[What this task involves]
Below are some entries. Repeat exactly the lines from the one with "A l \<longleftrightarrow>" through the one with "(\<forall>x1 x2 x.", and only those.

*** Opening Exercise material ***

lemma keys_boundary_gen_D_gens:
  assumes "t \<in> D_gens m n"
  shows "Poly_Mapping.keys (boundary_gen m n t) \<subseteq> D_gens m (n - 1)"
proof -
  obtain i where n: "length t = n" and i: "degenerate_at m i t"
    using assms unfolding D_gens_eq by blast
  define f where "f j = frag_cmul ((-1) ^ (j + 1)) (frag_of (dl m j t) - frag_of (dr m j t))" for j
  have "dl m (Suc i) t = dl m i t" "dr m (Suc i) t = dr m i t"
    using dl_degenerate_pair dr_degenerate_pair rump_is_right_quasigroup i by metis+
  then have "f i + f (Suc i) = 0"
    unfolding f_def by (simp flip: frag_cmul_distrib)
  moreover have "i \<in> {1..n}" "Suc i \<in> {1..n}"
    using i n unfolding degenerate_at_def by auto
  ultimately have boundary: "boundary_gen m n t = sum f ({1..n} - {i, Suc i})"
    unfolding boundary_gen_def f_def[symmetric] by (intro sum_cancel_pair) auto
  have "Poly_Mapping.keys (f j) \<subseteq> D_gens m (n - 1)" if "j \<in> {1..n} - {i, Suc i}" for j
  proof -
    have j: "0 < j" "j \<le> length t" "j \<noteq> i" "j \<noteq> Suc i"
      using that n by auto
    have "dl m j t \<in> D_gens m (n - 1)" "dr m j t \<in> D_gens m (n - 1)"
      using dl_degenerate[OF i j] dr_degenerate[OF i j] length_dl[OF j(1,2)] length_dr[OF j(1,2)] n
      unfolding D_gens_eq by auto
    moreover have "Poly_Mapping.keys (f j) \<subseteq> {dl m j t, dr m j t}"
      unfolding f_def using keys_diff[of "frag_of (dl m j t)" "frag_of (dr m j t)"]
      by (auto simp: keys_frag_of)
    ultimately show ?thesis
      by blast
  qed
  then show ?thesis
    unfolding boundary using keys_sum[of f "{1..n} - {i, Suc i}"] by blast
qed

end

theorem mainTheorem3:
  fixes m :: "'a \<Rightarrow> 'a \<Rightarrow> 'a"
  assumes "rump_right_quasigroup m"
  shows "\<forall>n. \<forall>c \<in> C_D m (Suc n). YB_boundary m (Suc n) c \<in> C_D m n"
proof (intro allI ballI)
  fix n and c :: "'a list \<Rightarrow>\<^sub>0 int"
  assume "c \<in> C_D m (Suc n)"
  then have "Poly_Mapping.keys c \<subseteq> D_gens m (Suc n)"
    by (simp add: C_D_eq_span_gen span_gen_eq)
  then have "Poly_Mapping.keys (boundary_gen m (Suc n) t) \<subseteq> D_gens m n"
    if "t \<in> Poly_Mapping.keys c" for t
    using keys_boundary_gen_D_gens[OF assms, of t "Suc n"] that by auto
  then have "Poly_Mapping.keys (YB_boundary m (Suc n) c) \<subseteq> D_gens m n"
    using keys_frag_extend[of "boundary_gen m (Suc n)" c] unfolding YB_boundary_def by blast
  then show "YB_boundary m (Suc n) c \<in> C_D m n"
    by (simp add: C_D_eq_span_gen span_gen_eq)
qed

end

*** Closing Exercise material ***
*** Opening Exercise material ***

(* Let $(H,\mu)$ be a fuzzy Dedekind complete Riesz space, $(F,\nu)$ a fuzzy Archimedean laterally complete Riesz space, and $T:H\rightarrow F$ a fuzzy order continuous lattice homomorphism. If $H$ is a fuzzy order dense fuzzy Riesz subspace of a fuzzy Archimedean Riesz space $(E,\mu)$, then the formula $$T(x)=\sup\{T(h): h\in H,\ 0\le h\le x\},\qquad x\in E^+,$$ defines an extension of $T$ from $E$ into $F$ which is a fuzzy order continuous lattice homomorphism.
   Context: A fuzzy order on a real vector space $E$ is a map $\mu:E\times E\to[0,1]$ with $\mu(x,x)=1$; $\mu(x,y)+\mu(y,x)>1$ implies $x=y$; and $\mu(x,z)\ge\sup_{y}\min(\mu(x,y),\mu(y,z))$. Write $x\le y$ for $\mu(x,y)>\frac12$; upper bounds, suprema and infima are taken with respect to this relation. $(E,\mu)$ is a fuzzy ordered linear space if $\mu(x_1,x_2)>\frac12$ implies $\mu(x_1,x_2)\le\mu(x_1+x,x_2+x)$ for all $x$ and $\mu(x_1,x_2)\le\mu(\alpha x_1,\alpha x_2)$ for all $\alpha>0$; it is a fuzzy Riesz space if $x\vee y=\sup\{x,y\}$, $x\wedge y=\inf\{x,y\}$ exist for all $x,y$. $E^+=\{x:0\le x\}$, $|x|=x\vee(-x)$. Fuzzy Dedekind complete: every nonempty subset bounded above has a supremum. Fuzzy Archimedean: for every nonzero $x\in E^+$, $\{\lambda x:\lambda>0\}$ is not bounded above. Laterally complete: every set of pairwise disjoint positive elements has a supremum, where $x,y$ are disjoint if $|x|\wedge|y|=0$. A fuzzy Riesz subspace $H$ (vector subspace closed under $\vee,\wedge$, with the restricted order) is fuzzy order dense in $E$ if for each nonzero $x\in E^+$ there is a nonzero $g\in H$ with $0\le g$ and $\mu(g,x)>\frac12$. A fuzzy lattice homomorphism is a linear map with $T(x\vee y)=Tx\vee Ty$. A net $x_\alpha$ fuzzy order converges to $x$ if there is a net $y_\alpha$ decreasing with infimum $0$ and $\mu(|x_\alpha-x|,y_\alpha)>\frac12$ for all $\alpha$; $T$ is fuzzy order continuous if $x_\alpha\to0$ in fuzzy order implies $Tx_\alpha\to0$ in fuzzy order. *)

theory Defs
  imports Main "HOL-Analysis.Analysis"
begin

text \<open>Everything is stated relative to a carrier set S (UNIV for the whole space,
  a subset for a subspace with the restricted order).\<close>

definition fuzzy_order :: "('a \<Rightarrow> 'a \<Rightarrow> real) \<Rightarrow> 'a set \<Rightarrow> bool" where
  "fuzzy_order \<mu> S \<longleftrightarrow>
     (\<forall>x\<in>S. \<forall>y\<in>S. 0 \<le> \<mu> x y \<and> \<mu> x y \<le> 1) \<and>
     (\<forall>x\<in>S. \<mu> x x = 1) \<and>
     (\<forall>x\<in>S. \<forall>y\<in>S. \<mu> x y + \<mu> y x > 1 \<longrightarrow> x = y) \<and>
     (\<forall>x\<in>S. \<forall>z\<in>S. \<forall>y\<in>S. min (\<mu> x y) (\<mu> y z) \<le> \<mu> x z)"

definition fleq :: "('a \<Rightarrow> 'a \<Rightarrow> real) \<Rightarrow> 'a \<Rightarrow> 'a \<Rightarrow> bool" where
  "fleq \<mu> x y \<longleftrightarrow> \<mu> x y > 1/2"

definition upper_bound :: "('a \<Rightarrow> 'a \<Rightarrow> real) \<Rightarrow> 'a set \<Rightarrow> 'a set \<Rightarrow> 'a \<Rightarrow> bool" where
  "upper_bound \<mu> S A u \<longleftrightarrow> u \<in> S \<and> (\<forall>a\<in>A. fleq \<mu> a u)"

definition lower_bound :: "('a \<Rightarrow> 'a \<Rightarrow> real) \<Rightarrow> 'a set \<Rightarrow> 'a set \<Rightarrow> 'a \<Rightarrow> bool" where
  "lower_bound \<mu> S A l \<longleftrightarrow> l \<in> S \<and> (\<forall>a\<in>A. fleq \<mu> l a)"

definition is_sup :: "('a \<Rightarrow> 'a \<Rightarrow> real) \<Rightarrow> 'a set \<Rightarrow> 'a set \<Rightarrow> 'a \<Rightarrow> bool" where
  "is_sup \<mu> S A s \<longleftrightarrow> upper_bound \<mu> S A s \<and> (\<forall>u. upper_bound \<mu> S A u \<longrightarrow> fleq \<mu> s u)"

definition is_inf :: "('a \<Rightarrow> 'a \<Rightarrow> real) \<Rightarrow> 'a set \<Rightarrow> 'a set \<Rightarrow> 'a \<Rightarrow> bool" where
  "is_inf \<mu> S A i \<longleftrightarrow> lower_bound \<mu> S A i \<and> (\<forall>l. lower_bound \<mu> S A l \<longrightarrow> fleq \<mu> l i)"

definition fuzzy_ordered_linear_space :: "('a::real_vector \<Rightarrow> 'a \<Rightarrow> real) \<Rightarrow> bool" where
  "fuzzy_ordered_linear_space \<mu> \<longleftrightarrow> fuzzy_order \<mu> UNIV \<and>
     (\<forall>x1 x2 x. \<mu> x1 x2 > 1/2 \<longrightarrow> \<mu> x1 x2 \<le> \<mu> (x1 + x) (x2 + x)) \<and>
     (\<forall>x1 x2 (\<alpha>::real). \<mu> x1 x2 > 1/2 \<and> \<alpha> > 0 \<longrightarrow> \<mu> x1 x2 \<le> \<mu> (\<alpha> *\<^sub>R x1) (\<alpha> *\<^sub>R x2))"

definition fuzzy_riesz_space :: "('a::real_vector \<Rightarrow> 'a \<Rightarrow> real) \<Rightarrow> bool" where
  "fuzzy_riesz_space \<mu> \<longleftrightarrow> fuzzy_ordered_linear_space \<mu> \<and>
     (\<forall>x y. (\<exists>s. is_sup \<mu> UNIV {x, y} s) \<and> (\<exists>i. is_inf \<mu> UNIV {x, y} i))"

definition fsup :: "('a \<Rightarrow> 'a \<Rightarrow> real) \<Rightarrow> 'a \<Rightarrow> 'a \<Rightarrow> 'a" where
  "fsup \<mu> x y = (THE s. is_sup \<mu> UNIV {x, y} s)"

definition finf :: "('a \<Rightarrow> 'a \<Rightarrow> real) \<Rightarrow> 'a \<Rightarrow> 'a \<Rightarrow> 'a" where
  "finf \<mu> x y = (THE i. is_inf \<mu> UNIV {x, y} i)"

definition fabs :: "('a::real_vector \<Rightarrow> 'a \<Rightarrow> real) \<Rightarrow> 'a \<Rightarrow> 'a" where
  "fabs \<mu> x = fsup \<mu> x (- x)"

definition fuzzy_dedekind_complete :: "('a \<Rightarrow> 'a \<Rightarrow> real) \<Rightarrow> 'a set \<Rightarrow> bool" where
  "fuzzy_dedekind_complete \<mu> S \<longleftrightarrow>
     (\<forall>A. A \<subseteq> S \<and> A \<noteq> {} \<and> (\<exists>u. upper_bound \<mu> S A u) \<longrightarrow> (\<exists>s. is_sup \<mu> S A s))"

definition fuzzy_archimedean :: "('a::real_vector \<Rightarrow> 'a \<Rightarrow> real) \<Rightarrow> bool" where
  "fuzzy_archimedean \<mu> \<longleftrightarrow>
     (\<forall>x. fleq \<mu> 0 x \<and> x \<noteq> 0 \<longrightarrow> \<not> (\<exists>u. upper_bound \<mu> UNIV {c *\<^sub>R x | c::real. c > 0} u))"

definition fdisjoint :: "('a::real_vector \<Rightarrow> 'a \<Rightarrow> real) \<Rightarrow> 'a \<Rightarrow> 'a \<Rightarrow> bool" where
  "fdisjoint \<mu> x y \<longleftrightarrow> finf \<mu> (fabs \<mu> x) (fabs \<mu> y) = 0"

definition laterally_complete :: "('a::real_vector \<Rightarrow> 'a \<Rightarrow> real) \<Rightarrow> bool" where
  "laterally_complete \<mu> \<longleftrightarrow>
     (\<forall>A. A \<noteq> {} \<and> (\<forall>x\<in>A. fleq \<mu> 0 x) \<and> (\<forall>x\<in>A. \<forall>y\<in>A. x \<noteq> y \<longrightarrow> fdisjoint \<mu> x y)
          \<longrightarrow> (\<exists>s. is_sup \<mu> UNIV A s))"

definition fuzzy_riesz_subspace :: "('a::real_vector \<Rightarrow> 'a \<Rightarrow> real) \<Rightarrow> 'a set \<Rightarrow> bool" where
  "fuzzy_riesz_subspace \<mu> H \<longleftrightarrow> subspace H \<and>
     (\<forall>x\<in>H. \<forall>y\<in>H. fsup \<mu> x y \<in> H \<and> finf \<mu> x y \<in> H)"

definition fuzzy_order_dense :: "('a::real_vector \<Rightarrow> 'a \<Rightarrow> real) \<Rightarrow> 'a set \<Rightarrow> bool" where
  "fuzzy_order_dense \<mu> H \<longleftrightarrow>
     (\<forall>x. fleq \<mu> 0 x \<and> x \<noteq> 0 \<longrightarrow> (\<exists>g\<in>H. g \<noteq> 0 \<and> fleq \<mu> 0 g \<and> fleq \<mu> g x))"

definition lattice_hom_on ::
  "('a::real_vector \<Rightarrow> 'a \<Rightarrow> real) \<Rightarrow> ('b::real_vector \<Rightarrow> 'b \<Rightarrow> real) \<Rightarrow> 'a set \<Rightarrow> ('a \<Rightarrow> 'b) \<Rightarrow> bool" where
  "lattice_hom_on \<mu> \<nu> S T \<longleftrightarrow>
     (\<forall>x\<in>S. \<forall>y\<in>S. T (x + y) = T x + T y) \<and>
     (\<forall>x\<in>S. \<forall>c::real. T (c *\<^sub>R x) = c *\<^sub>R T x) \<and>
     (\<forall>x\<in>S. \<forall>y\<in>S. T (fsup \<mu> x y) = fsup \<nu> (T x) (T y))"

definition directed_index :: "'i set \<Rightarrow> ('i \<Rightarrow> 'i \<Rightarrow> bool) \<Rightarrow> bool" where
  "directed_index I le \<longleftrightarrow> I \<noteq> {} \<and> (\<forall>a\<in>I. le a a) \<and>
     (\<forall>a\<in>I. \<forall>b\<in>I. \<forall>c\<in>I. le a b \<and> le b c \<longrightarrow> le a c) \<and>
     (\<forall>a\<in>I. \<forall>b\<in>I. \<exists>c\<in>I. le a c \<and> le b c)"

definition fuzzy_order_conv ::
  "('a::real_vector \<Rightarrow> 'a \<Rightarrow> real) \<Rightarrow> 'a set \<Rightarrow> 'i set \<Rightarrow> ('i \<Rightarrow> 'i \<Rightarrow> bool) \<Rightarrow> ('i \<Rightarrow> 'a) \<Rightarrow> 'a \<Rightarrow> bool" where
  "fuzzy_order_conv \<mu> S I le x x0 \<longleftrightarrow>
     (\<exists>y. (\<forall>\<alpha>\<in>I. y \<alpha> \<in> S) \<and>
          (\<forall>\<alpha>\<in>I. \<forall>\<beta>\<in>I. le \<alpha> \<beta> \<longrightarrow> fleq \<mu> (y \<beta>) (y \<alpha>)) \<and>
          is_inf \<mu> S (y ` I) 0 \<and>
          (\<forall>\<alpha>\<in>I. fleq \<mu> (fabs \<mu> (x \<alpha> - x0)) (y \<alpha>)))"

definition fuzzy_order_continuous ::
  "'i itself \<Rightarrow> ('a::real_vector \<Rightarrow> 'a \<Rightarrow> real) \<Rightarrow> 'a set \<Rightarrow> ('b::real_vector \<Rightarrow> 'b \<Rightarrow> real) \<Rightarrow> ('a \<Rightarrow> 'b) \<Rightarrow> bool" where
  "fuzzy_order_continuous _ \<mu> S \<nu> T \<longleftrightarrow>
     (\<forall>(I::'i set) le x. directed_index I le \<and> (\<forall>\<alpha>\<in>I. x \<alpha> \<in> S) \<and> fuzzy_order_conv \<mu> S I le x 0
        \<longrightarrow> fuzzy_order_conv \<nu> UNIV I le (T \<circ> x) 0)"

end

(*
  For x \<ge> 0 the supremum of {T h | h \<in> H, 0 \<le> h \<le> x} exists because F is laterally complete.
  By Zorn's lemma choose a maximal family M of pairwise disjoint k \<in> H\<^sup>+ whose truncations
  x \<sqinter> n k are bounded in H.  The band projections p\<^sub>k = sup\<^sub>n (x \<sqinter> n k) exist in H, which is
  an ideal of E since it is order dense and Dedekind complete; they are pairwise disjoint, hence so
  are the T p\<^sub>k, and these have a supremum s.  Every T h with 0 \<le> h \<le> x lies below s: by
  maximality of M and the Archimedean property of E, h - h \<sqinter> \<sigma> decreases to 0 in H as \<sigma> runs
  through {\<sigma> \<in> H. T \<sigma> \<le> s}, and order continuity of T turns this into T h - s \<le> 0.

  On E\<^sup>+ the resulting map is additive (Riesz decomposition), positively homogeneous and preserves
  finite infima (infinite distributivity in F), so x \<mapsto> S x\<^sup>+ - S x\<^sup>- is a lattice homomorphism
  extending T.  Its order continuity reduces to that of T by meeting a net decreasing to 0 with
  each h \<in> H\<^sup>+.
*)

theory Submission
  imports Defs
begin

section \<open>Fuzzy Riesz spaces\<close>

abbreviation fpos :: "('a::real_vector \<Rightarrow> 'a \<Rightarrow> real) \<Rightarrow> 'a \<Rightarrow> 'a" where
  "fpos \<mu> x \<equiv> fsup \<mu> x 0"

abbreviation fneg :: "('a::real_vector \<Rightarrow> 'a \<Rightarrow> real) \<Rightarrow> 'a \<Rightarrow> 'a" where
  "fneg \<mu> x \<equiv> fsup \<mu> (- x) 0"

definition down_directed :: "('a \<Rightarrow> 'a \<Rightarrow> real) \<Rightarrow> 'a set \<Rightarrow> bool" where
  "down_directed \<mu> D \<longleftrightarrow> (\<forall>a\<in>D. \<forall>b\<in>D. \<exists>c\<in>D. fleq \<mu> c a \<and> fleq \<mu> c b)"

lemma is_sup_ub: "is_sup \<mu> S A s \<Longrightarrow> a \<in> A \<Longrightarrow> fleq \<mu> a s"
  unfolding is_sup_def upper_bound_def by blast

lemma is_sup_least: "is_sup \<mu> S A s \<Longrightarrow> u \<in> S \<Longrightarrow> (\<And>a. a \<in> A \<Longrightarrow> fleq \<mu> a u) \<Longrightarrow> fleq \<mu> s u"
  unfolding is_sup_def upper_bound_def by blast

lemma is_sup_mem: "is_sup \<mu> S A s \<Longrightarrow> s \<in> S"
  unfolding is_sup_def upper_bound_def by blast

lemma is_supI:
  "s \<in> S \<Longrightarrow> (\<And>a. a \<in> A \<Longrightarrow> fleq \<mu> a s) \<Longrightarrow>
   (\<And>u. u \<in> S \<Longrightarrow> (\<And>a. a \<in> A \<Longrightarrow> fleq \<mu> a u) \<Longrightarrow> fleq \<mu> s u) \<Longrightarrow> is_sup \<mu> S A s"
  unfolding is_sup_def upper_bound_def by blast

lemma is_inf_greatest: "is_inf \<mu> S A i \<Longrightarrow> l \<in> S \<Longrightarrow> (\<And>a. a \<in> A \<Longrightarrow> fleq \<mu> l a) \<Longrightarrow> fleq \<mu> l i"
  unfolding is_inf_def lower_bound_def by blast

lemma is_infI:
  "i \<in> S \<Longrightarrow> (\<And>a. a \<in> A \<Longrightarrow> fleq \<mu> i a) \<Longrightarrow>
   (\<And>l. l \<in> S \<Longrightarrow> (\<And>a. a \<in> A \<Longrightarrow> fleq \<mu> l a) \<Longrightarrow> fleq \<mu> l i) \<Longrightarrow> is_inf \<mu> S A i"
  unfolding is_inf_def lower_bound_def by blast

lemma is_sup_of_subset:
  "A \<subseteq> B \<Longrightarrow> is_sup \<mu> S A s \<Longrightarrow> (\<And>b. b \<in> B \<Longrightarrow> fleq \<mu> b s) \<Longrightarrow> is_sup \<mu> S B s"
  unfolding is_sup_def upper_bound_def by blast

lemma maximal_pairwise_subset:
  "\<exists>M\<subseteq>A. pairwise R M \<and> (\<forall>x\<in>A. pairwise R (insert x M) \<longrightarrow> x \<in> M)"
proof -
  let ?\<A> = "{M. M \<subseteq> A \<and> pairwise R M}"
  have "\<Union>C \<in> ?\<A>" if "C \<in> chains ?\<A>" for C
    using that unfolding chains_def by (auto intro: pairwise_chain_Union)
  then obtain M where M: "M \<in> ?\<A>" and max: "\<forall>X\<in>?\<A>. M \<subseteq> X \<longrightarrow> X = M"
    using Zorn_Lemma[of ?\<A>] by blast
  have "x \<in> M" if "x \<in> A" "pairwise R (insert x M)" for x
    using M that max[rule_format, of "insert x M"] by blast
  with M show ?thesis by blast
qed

*** Closing Exercise material ***

[Solution to the exercise]
  "lower_bound \<mu> S A l \<longleftrightarrow> l \<in> S \<and> (\<forall>a\<in>A. fleq \<mu> l a)"

definition is_sup :: "('a \<Rightarrow> 'a \<Rightarrow> real) \<Rightarrow> 'a set \<Rightarrow> 'a set \<Rightarrow> 'a \<Rightarrow> bool" where
  "is_sup \<mu> S A s \<longleftrightarrow> upper_bound \<mu> S A s \<and> (\<forall>u. upper_bound \<mu> S A u \<longrightarrow> fleq \<mu> s u)"

definition is_inf :: "('a \<Rightarrow> 'a \<Rightarrow> real) \<Rightarrow> 'a set \<Rightarrow> 'a set \<Rightarrow> 'a \<Rightarrow> bool" where
  "is_inf \<mu> S A i \<longleftrightarrow> lower_bound \<mu> S A i \<and> (\<forall>l. lower_bound \<mu> S A l \<longrightarrow> fleq \<mu> l i)"

definition fuzzy_ordered_linear_space :: "('a::real_vector \<Rightarrow> 'a \<Rightarrow> real) \<Rightarrow> bool" where
  "fuzzy_ordered_linear_space \<mu> \<longleftrightarrow> fuzzy_order \<mu> UNIV \<and>
     (\<forall>x1 x2 x. \<mu> x1 x2 > 1/2 \<longrightarrow> \<mu> x1 x2 \<le> \<mu> (x1 + x) (x2 + x)) \<and>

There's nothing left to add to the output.